People act in initiative order, spending their AP until they have none or wish to discard remaining AP.

Actions

Attack: 2-5 AP

Attacking costs a variable amount of AP depending on the weapon and attack type. Most attacks are 2 AP, although bursts and melee weapon power attacks or flurries of blows cost distinctly more.

Draw/Holster Weapon: 1-5 AP

Drawing or holstering a weapon costs 1 AP for a pistol or small melee weapon (such as a knife or riot baton), 2 AP for a rifle or larger melee weapon (sword), and 5 AP for a heavy weapon such as a gatling gun or assault cannon.

Reloading: 1-5 AP

Reloading an empty weapon costs 1-5 AP depending on its magazine type, but normally costs 2 AP. Most weapons reload via magazine, but some reload a single round per reload (such as shotguns).

Dodge: 1 AP

Dodging allows you to roll your Fight to defend against a single attack with a TN of the enemy's (Fight + 3), each success reducing a Fight success from the enemy's attack.
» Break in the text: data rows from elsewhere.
(* Let $\hat y=K\hat x$ and let $Y_1,Y_2,\dots$ be i.i.d. $\mathcal{Y}$-valued random variables with $\mathbb{E}[Y_1]=\hat y$ and $\mathbb{E}\|Y_1-\hat y\|^2<\infty$. Assume there are $q>0$, $p>1$ with $q>p-1$, $\sigma_j^2\asymp j^{-q}$ and $\mathbb{E}(Y_1-\hat y,u_j)^2\asymp j^{-p}$. Let $\varepsilon>0$ with $p>1+\varepsilon$, set $d_j:=j^{\frac{p-1-\varepsilon}{2}}$, and assume $\hat x\in\mathcal{X}_{\nu,\rho}$ with $\nu,\rho>0$. Define $$\delta_n':=\frac{1}{\sqrt n}\sqrt{\frac{1}{n-1}\sum_{i=1}^n\sum_{j=1}^\infty d_j^2(Y_i-\bar Y_n,u_j)^2},\qquad k_n:=\min\Big\{k\ge0:\ \sqrt{\textstyle\sum_{j=k+1}^\infty d_j^2(\bar Y_n,u_j)^2}\le\delta_n'\Big\}.$$ Let $\nu':=\frac{q}{q+1+\varepsilon-p}\nu$. Then there exists $L>0$ such that $$\mathbb{P}\left(\|\bar X^n_{k_n}-\hat x\|\le L\,\rho^{\frac{1}{1+\nu'}}\left(\frac{1}{\sqrt n}\right)^{\frac{\nu'}{\nu'+1}}\right)\to1\quad (n\to\infty).$$ (Note $\frac{\nu'}{\nu'+1}=\frac{\nu}{\nu+1-\frac{p-1-\varepsilon}{q}}$.)
   Context: $\mathcal{X},\mathcal{Y}$ are infinite-dimensional real separable Hilbert spaces and $K:\mathcal{X}\to\mathcal{Y}$ is a compact linear operator with dense range, with singular value decomposition $(\sigma_j,u_j,v_j)_{j\in\mathbb{N}}$: $(u_j)$ is an orthonormal basis of $\mathcal{Y}$, $(v_j)$ an orthonormal basis of $\mathcal{N}(K)^\perp$, $(\sigma_j)$ is a nonincreasing sequence of positive numbers converging to $0$, and $Kv_j=\sigma_ju_j$. For $\nu,\rho>0$, $\mathcal{X}_{\nu,\rho}:=\{(K^*K)^{\nu/2}\xi:\xi\in\mathcal{X},\|\xi\|\le\rho\}=\{\sum_j\sigma_j^\nu(\xi,v_j)v_j:\|\xi\|\le\rho\}$. $\bar Y_n:=\frac1n\sum_{i=1}^nY_i$ and $\bar X^n_k:=\sum_{j=1}^k\sigma_j^{-1}(\bar Y_n,u_j)v_j$ (with $\bar X^n_0=0$). $a_j\asymp b_j$ means $cb_j\le a_j\le Cb_j$ for constants $0<c\le C$ independent of $j$. *)

theory Defs
  imports "HOL-Probability.Probability"
begin

text \<open>Indices j of the singular system start at 1, as in the paper; values at index 0 are irrelevant.\<close>

definition asymp_equiv_pos :: "(nat \<Rightarrow> real) \<Rightarrow> (nat \<Rightarrow> real) \<Rightarrow> bool" where
  "asymp_equiv_pos a b \<longleftrightarrow>
     (\<exists>c C. 0 < c \<and> c \<le> C \<and> (\<forall>j\<ge>1. c * b j \<le> a j \<and> a j \<le> C * b j))"

definition ybar :: "(nat \<Rightarrow> 'a \<Rightarrow> 'y::real_vector) \<Rightarrow> nat \<Rightarrow> 'a \<Rightarrow> 'y" where
  "ybar Y n \<omega> = (1 / real n) *\<^sub>R (\<Sum>i=1..n. Y i \<omega>)"

definition xbar :: "(nat \<Rightarrow> real) \<Rightarrow> (nat \<Rightarrow> 'y::real_inner) \<Rightarrow> (nat \<Rightarrow> 'x::real_vector)
    \<Rightarrow> 'y \<Rightarrow> nat \<Rightarrow> 'x" where
  "xbar \<sigma> u v y k = (\<Sum>j=1..k. ((y \<bullet> u j) / \<sigma> j) *\<^sub>R v j)"

definition delta' :: "(nat \<Rightarrow> real) \<Rightarrow> (nat \<Rightarrow> 'y::real_inner) \<Rightarrow> (nat \<Rightarrow> 'a \<Rightarrow> 'y)
    \<Rightarrow> nat \<Rightarrow> 'a \<Rightarrow> real" where
  "delta' d u Y n \<omega> = (1 / sqrt (real n)) * sqrt (1 / (real n - 1) *
     (\<Sum>i=1..n. \<Sum>\<^sub>\<infinity>j\<in>{1..}. (d j)\<^sup>2 * ((Y i \<omega> - ybar Y n \<omega>) \<bullet> u j)\<^sup>2))"

definition kstop :: "(nat \<Rightarrow> real) \<Rightarrow> (nat \<Rightarrow> 'y::real_inner) \<Rightarrow> (nat \<Rightarrow> 'a \<Rightarrow> 'y)
    \<Rightarrow> nat \<Rightarrow> 'a \<Rightarrow> nat" where
  "kstop d u Y n \<omega> = (LEAST k::nat.
     sqrt (\<Sum>\<^sub>\<infinity>j\<in>{k+1..}. (d j)\<^sup>2 * (ybar Y n \<omega> \<bullet> u j)\<^sup>2) \<le> delta' d u Y n \<omega>)"

end

theory Submission
  imports Defs
begin

(* Write (Ybar_n, u_j) = (y_hat, u_j) + N_j with centred noise N_j of variance O(j^-p / n), and
   x_hat = sum_j a_j v_j with a_j = sigma_j^nu (xi, v_j). For every cut-off k the error of the
   truncated SVD estimator is at most the root of the variance term sum_{j<=k} N_j^2 / sigma_j^2
   plus the norm of the bias sum_{j>k} a_j v_j.

   Markov and Chebyshev bounds give an event of probability close to 1 on which the weighted noise
   energies sum_j d_j^2 (Y_i - y_hat, u_j)^2 average O(1), the weighted energy of the mean noise is
   O(1/n), and the first noise coordinate is not too concentrated. There the discrepancy delta'_n is
   of exact order n^(-1/2), so the stopping index k_n stays below k_0 ~ n^(1/aexp), where the
   weighted signal tail is already small, and beyond k_n the weighted signal is O(1/n). Splitting
   the bias at m ~ n^(1/aexp), this O(1/n) bound controls the low coefficients and the source
   condition the high ones, while the variance term up to k_0 is O(n^(-rate - eps/(2 aexp))).
   Both are below c^2 n^-rate / 4 for any c > 0 once n is large, so the error is o(n^(-rate/2))
   in probability. *)

lemma norm_sum_orthonormal_sq:
  fixes v :: "nat \<Rightarrow> 'x::real_inner"
  assumes on: "\<And>i j. i \<ge> 1 \<Longrightarrow> j \<ge> 1 \<Longrightarrow> v i \<bullet> v j = (if i = j then 1 else 0)"
    and F: "finite F" "F \<subseteq> {1..}"
  shows "(norm (\<Sum>j\<in>F. c j *\<^sub>R v j))\<^sup>2 = (\<Sum>j\<in>F. (c j)\<^sup>2)"
proof -
  have "(norm (\<Sum>j\<in>F. c j *\<^sub>R v j))\<^sup>2 = (\<Sum>i\<in>F. \<Sum>j\<in>F. c i * (c j * (v j \<bullet> v i)))"
    by (simp add: power2_norm_eq_inner inner_sum_left inner_sum_right sum_distrib_left)
  also have "\<dots> = (\<Sum>i\<in>F. \<Sum>j\<in>F. if i = j then c i * c j else 0)"
    using F by (intro sum.cong refl) (auto simp: on subset_iff)
  also have "\<dots> = (\<Sum>j\<in>F. (c j)\<^sup>2)"
    using F by (simp add: power2_eq_square)
  finally show ?thesis .
qed

lemma norm_sum_orthonormal:
  fixes v :: "nat \<Rightarrow> 'x::real_inner"
  assumes "\<And>i j. i \<ge> 1 \<Longrightarrow> j \<ge> 1 \<Longrightarrow> v i \<bullet> v j = (if i = j then 1 else 0)"
    and "finite F" "F \<subseteq> {1..}"
  shows "norm (\<Sum>j\<in>F. c j *\<^sub>R v j) = sqrt (\<Sum>j\<in>F. (c j)\<^sup>2)"
  using norm_sum_orthonormal_sq[OF assms, of c] by (metis norm_ge_zero real_sqrt_unique)

lemma bessel_inequality:
  fixes v :: "nat \<Rightarrow> 'x::real_inner"
  assumes on: "\<And>i j. i \<ge> 1 \<Longrightarrow> j \<ge> 1 \<Longrightarrow> v i \<bullet> v j = (if i = j then 1 else 0)"
    and F: "finite F" "F \<subseteq> {1..}"
  shows "(\<Sum>j\<in>F. (\<xi> \<bullet> v j)\<^sup>2) \<le> (norm \<xi>)\<^sup>2"
proof -
  define P where "P = (\<Sum>j\<in>F. (\<xi> \<bullet> v j) *\<^sub>R v j)"
  have norm_P: "(norm P)\<^sup>2 = (\<Sum>j\<in>F. (\<xi> \<bullet> v j)\<^sup>2)"
    unfolding P_def by (rule norm_sum_orthonormal_sq[OF on F])
  have inner_P: "\<xi> \<bullet> P = (\<Sum>j\<in>F. (\<xi> \<bullet> v j)\<^sup>2)"
    unfolding P_def by (simp add: inner_sum_right power2_eq_square)
  have "0 \<le> (norm (\<xi> - P))\<^sup>2" by simp
  also have "\<dots> = (norm \<xi>)\<^sup>2 - 2 * (\<xi> \<bullet> P) + (norm P)\<^sup>2"
    by (simp add: power2_norm_eq_inner inner_diff_left inner_diff_right inner_commute)
  finally show ?thesis using norm_P inner_P by simp
qed

lemma norm_has_sum_orthonormal_le:
  fixes v :: "nat \<Rightarrow> 'x::real_inner"
  assumes on: "\<And>i j. i \<ge> 1 \<Longrightarrow> j \<ge> 1 \<Longrightarrow> v i \<bullet> v j = (if i = j then 1 else 0)"
    and S: "S \<subseteq> {1..}"
    and R: "((\<lambda>j. c j *\<^sub>R v j) has_sum R) S"
    and B: "\<And>F. finite F \<Longrightarrow> F \<subseteq> S \<Longrightarrow> (\<Sum>j\<in>F. (c j)\<^sup>2) \<le> B"
  shows "norm R \<le> sqrt B"
proof -
  have "((\<lambda>F. norm (\<Sum>j\<in>F. c j *\<^sub>R v j)) \<longlongrightarrow> norm R) (finite_subsets_at_top S)"
    using R unfolding has_sum_def by (intro tendsto_norm)
  moreover have "\<forall>\<^sub>F F in finite_subsets_at_top S. norm (\<Sum>j\<in>F. c j *\<^sub>R v j) \<le> sqrt B"
  proof (rule eventually_finite_subsets_at_top_weakI)
    fix F assume F: "finite F" "F \<subseteq> S"
    then have "norm (\<Sum>j\<in>F. c j *\<^sub>R v j) = sqrt (\<Sum>j\<in>F. (c j)\<^sup>2)"
      using S by (intro norm_sum_orthonormal[OF on]) auto
    then show "norm (\<Sum>j\<in>F. c j *\<^sub>R v j) \<le> sqrt B" using B[OF F] by simp
  qed
  ultimately show ?thesis
    by (intro tendsto_upperbound[of _ _ "finite_subsets_at_top S"])
       (auto simp: finite_subsets_at_top_neq_bot)
qed

lemma infsum_nonneg_eq_enn2real_suminf:
  fixes f :: "nat \<Rightarrow> real"
  assumes nonneg: "\<And>j. j \<in> S \<Longrightarrow> 0 \<le> f j"
  shows "infsum f S = enn2real (\<Sum>j. ennreal (if j \<in> S then f j else 0))"
proof -
  define g where "g j = (if j \<in> S then f j else 0)" for j
  have g_nonneg: "\<And>j. 0 \<le> g j" using nonneg by (auto simp: g_def)
  have "infsum f S = infsum g UNIV" by (rule infsum_cong_neutral) (auto simp: g_def)
  moreover have "infsum g UNIV = enn2real (\<Sum>j. ennreal (g j))"
  proof (cases "summable g")
    case True
    then have "infsum g UNIV = suminf g"
      using sums_nonneg_imp_has_sum g_nonneg summable_sums infsumI by blast
    then show ?thesis
      using g_nonneg True by (simp add: suminf_ennreal2 suminf_nonneg)
  next
    case False
    then have "infsum g UNIV = 0"
      using summable_on_UNIV_nonneg_real_iff g_nonneg infsum_not_exists by blast
    moreover have "(\<Sum>j. ennreal (g j)) = top" using False summable_suminf_not_top g_nonneg by blast
    ultimately show ?thesis by simp
  qed
  ultimately show ?thesis by (simp add: g_def)
qed

lemma borel_measurable_infsum_nonneg:
  fixes f :: "nat \<Rightarrow> 'a \<Rightarrow> real"
  assumes [measurable]: "\<And>j. f j \<in> borel_measurable M"
    and "\<And>j \<omega>. j \<in> S \<Longrightarrow> 0 \<le> f j \<omega>"
  shows "(\<lambda>\<omega>. infsum (\<lambda>j. f j \<omega>) S) \<in> borel_measurable M"
proof -
  have "(\<lambda>\<omega>. infsum (\<lambda>j. f j \<omega>) S)
      = (\<lambda>\<omega>. enn2real (\<Sum>j. ennreal (if j \<in> S then f j \<omega> else 0)))"
    using assms(2) by (intro ext infsum_nonneg_eq_enn2real_suminf) auto
  also have "\<dots> \<in> borel_measurable M" by measurable
  finally show ?thesis .
qed

lemma infsum_le_of_finite_sums_le:
  fixes f :: "'b \<Rightarrow> real"
  assumes "\<And>F. finite F \<Longrightarrow> F \<subseteq> S \<Longrightarrow> sum f F \<le> b" "0 \<le> b"
  shows "infsum f S \<le> b"
proof (cases "f summable_on S")
  case True then show ?thesis using assms by (intro infsum_le_finite_sums) auto
next
  case False then show ?thesis using assms by (simp add: infsum_not_exists)
qed

lemma summable_on_of_finite_sums_le:
  fixes f :: "'b \<Rightarrow> real"
  assumes "\<And>F. finite F \<Longrightarrow> F \<subseteq> S \<Longrightarrow> sum f F \<le> b" "\<And>j. j \<in> S \<Longrightarrow> 0 \<le> f j"
  shows "f summable_on S"
  using assms by (intro nonneg_bdd_above_summable_on) (auto simp: bdd_above_def)

lemma sum_le_enn2real_suminf:
  fixes g :: "nat \<Rightarrow> real"
  assumes g_nonneg: "\<And>j. 0 \<le> g j" and finite_sum: "(\<Sum>j. ennreal (g j)) \<noteq> top"
    and F: "finite F"
  shows "sum g F \<le> enn2real (\<Sum>j. ennreal (g j))"
proof -
  have "ennreal (sum g F) = (\<Sum>j\<in>F. ennreal (g j))" using g_nonneg by (simp add: sum_ennreal)
  also have "\<dots> \<le> (\<Sum>j. ennreal (g j))" by (rule sum_le_suminf) (auto simp: F)
  finally have "enn2real (ennreal (sum g F)) \<le> enn2real (\<Sum>j. ennreal (g j))"
    using finite_sum by (intro enn2real_mono) (auto simp: top.not_eq_extremum)
  then show ?thesis using g_nonneg by (simp add: sum_nonneg)
qed

lemma suminf_tail_tendsto_0:
  fixes g :: "nat \<Rightarrow> real"
  assumes g: "summable g"
  shows "(\<lambda>N. \<Sum>j. if N < j then g j else 0) \<longlonglongrightarrow> 0"
proof -
  have "(\<Sum>j. if N < j then g j else 0) = suminf g - (\<Sum>j<Suc N. g j)" for N
  proof -
    have "(\<lambda>j. if N < j then g j else 0) = (\<lambda>j. g j - (if j < Suc N then g j else 0))" by auto
    moreover have "summable (\<lambda>j. if j < Suc N then g j else 0)"
      by (rule summable_finite[of "{..<Suc N}"]) auto
    ultimately have "(\<Sum>j. if N < j then g j else 0) = suminf g - (\<Sum>j. if j < Suc N then g j else 0)"
      using suminf_diff[OF g] by simp
    also have "(\<Sum>j. if j < Suc N then g j else 0) = (\<Sum>j<Suc N. g j)"
      by (subst suminf_finite[of "{..<Suc N}"]) auto
    finally show ?thesis .
  qed
  moreover have "(\<lambda>N. suminf g - (\<Sum>j<Suc N. g j)) \<longlonglongrightarrow> suminf g - suminf g"
    using LIMSEQ_Suc[OF summable_LIMSEQ[OF g]] by (intro tendsto_diff tendsto_const)
  ultimately show ?thesis by simp
qed

lemma sum_le_suminf_tail:
  fixes g :: "nat \<Rightarrow> real"
  assumes g_nonneg: "\<And>j. 0 \<le> g j" and g: "summable g"
    and F: "finite F" "\<And>j. j \<in> F \<Longrightarrow> N < j"
  shows "sum g F \<le> (\<Sum>j. if N < j then g j else 0)"
proof -
  have tail: "summable (\<lambda>j. if N < j then g j else 0)"
    by (rule summable_comparison_test'[OF g]) (auto simp: g_nonneg)
  have "sum g F = sum (\<lambda>j. if N < j then g j else 0) F" using F by (intro sum.cong) auto
  also have "\<dots> \<le> (\<Sum>j. if N < j then g j else 0)"
    by (rule sum_le_suminf[OF tail F(1)]) (auto simp: g_nonneg)
  finally show ?thesis .
qed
Although dodging is often less efficient than disengaging, it does not penalize your own actions.

Disengage: 2 AP

Finding cover allows you to roll your Sneak (with a TN of the enemy's Fight + 3) to defend against all incoming attacks by disengaging and moving to a safe location. Each success reduces a Fight success from an incoming attack. Disengaging is, unlike dodging, applied to all incoming attacks. However, a disengaging character halves his own attack pools (round down), making his fire much less accurate.

Overwatch: 1 AP + Action

Overwatch is used to save AP to use later. An overwatching character may interrupt, at any moment, the turn of another character with lower initiative to perform an action.

Resolution

The difficulty of any attack roll is normally (Fight + 3) for melee weapons. For ranged weapons it is (Fight + 1) at short range, (Fight + 3) for medium range, (Fight + 5) at long range, and (Fight + 7) at extreme range. If an attack succeeds and its target has any HP left, it does HP damage. If a character has no HP left, it does health damage instead.
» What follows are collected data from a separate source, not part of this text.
(* Let $\mathfrak{L}$ be a left Leibniz algebra over a field $\mathbb{F}$, and let $M$ be a left $\mathfrak{L}$-module. Then: (a) $\mathrm{HL}^n(\mathfrak{L},M_s)=\widetilde{\mathrm{HL}}^n(\mathfrak{L},M)$ for every integer $n\ge 0$; (b) $\mathrm{HL}^0(\mathfrak{L},M_a)=M$, and $\mathrm{HL}^n(\mathfrak{L},M_a)\cong\widetilde{\mathrm{HL}}^{n-1}(\mathfrak{L},\mathrm{Hom}_{\mathbb{F}}(\mathfrak{L},M))=\mathrm{HL}^{n-1}(\mathfrak{L},\mathrm{Hom}_{\mathbb{F}}(\mathfrak{L},M)_s)$ for every integer $n\ge 1$, where $\mathrm{Hom}_{\mathbb{F}}(\mathfrak{L},M)$ is a left $\mathfrak{L}$-module via $(x\cdot f)(y):=x\cdot f(y)-f(xy)$.
   Context: A left Leibniz algebra is a vector space with bilinear product satisfying $x(yz)=(xy)z+y(xz)$. A left $\mathfrak{L}$-module is a vector space $M$ with bilinear $x\cdot m$ such that $(xy)\cdot m=x\cdot(y\cdot m)-y\cdot(x\cdot m)$. A bimodule additionally has a right action with $(x\cdot m)\cdot y=x\cdot(m\cdot y)-m\cdot(xy)$ and $(m\cdot x)\cdot y=m\cdot(xy)-x\cdot(m\cdot y)$. For a left module $M$, $M_s$ is the bimodule with right action $m\cdot x:=-x\cdot m$ and $M_a$ the bimodule with right action $m\cdot x:=0$. $\mathrm{HL}^n(\mathfrak{L},M)$ is the cohomology of $\mathrm{CL}^n(\mathfrak{L},M)=\mathrm{Hom}_{\mathbb{F}}(\mathfrak{L}^{\otimes n},M)$ with $(\mathrm{d}^nf)(x_1,\dots,x_{n+1})=\sum_{i=1}^n(-1)^{i+1}x_i\cdot f(\dots,\hat{x}_i,\dots)+(-1)^{n+1}f(x_1,\dots,x_n)\cdot x_{n+1}+\sum_{i<j}(-1)^if(x_1,\dots,\hat{x}_i,\dots,x_ix_j,\dots,x_{n+1})$ ($x_ix_j$ in the $j$-th position). For a left module $M$, $\widetilde{\mathrm{HL}}^n(\mathfrak{L},M)$ is the cohomology of $\mathrm{CL}^n(\mathfrak{L},M)$ with $(\widetilde{\mathrm{d}}^nf)(x_1,\dots,x_{n+1})=\sum_{i=1}^{n+1}(-1)^{i+1}x_i\cdot f(x_1,\dots,\hat{x}_i,\dots,x_{n+1})+\sum_{i<j}(-1)^if(x_1,\dots,\hat{x}_i,\dots,x_ix_j,\dots,x_{n+1})$ ($x_ix_j$ in the $j$-th position). *)

theory Defs
  imports Main "HOL.Vector_Spaces" "HOL-Library.Function_Algebras"
begin

definition left_leibniz_algebra ::
  "('k::field \<Rightarrow> 'l::ab_group_add \<Rightarrow> 'l) \<Rightarrow> ('l \<Rightarrow> 'l \<Rightarrow> 'l) \<Rightarrow> bool" where
  "left_leibniz_algebra sl mult \<longleftrightarrow>
     vector_space sl \<and>
     (\<forall>x. Vector_Spaces.linear sl sl (mult x)) \<and>
     (\<forall>y. Vector_Spaces.linear sl sl (\<lambda>x. mult x y)) \<and>
     (\<forall>x y z. mult x (mult y z) = mult (mult x y) z + mult y (mult x z))"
An attack deals a default of 1 HP damage, +1 if it's an area of effect attack (such as a grenade). Bursts deal additional HP damage, +1 for short bursts, +2 for long bursts, and +3 for sustained bursts. Melee attacks, out of game balance (and also because have you seen any action movie ever?) deal an additional +2 HP damage.

If an attack deals health damage, it deals the damage listed in its sheet. Unarmed attacks always deal only 1 health damage. Bring a weapon.